▸ EXERCISE INSTRUCTIONS
The data are to be restated in full, exactly as presented.

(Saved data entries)
_____

(* Let \(S\) be an inverse semigroup with zero and unit, let \(E=E(S)\), and let \(\hat{E}\) carry the canonical action of \(S\) by the partial homeomorphisms \(c_g\colon U_{g^*g}\to U_{gg^*}\), \(c_g(\varphi)(e)=\varphi(g^*eg)\). Then this action is a terminal object in the category of actions of \(S\) on topological spaces: for every topological space \(X\) with an action of \(S\), there is a unique \(S\)-equivariant continuous map \(X\to\hat{E}\).
   Context: Inverse semigroups are assumed to have a zero \(0\) and a unit \(1\); homomorphisms preserve zero and unit. \(E=E(S)\) is the semilattice of idempotents of \(S\), ordered by \(e\le f\iff ef=e\). A character on \(E\) is a map \(\varphi\colon E\to\{0,1\}\) with \(\varphi(0)=0\), \(\varphi(1)=1\) and \(\varphi(ef)=\varphi(e)\varphi(f)\). \(\hat{E}\) is the set of characters. For \(e\in E\), \(U_e=\{\varphi\in\hat E:\varphi(e)=1\}\), and \(\hat{E}\) carries the topology generated by the sets \(U_e\). A partial homeomorphism of a space \(X\) is a homeomorphism between open subsets of \(X\). These form an inverse semigroup under composition of partial maps, with unit \(\mathrm{id}_X\) and zero the empty map. An action of \(S\) on a topological space \(X\) is a unit- and zero-preserving homomorphism from \(S\) to this inverse semigroup; write \(s\cdot x\) when defined. A map \(f\colon X\to Y\) between spaces with \(S\)-actions is \(S\)-equivariant if for all \(s\in S\), \(x\in X\): \(s\cdot x\) is defined iff \(s\cdot f(x)\) is defined, and then \(f(s\cdot x)=s\cdot f(x)\). *)

theory Defs
  imports "HOL-Analysis.Analysis"
begin

text \<open>The inverse semigroup S is the whole type 's, with multiplication, unit 1 and zero 0
  from the type classes monoid_mult and mult_zero.  The inverse semigroup axiom
  (every element has a unique generalized inverse) is an explicit hypothesis.\<close>

definition inverse_semigroup_ax :: "'s::{monoid_mult,mult_zero} itself \<Rightarrow> bool" where
  "inverse_semigroup_ax _ \<longleftrightarrow> (\<forall>s::'s. \<exists>!t. s * t * s = s \<and> t * s * t = t)"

_____

▸ EXERCISE ANSWER
(* Let \(S\) be an inverse semigroup with zero and unit, let \(E=E(S)\), and let \(\hat{E}\) carry the canonical action of \(S\) by the partial homeomorphisms \(c_g\colon U_{g^*g}\to U_{gg^*}\), \(c_g(\varphi)(e)=\varphi(g^*eg)\). Then this action is a terminal object in the category of actions of \(S\) on topological spaces: for every topological space \(X\) with an action of \(S\), there is a unique \(S\)-equivariant continuous map \(X\to\hat{E}\).
   Context: Inverse semigroups are assumed to have a zero \(0\) and a unit \(1\); homomorphisms preserve zero and unit. \(E=E(S)\) is the semilattice of idempotents of \(S\), ordered by \(e\le f\iff ef=e\). A character on \(E\) is a map \(\varphi\colon E\to\{0,1\}\) with \(\varphi(0)=0\), \(\varphi(1)=1\) and \(\varphi(ef)=\varphi(e)\varphi(f)\). \(\hat{E}\) is the set of characters. For \(e\in E\), \(U_e=\{\varphi\in\hat E:\varphi(e)=1\}\), and \(\hat{E}\) carries the topology generated by the sets \(U_e\). A partial homeomorphism of a space \(X\) is a homeomorphism between open subsets of \(X\). These form an inverse semigroup under composition of partial maps, with unit \(\mathrm{id}_X\) and zero the empty map. An action of \(S\) on a topological space \(X\) is a unit- and zero-preserving homomorphism from \(S\) to this inverse semigroup; write \(s\cdot x\) when defined. A map \(f\colon X\to Y\) between spaces with \(S\)-actions is \(S\)-equivariant if for all \(s\in S\), \(x\in X\): \(s\cdot x\) is defined iff \(s\cdot f(x)\) is defined, and then \(f(s\cdot x)=s\cdot f(x)\). *)

theory Defs
  imports "HOL-Analysis.Analysis"
begin

text \<open>The inverse semigroup S is the whole type 's, with multiplication, unit 1 and zero 0
  from the type classes monoid_mult and mult_zero.  The inverse semigroup axiom
  (every element has a unique generalized inverse) is an explicit hypothesis.\<close>

definition inverse_semigroup_ax :: "'s::{monoid_mult,mult_zero} itself \<Rightarrow> bool" where
  "inverse_semigroup_ax _ \<longleftrightarrow> (\<forall>s::'s. \<exists>!t. s * t * s = s \<and> t * s * t = t)"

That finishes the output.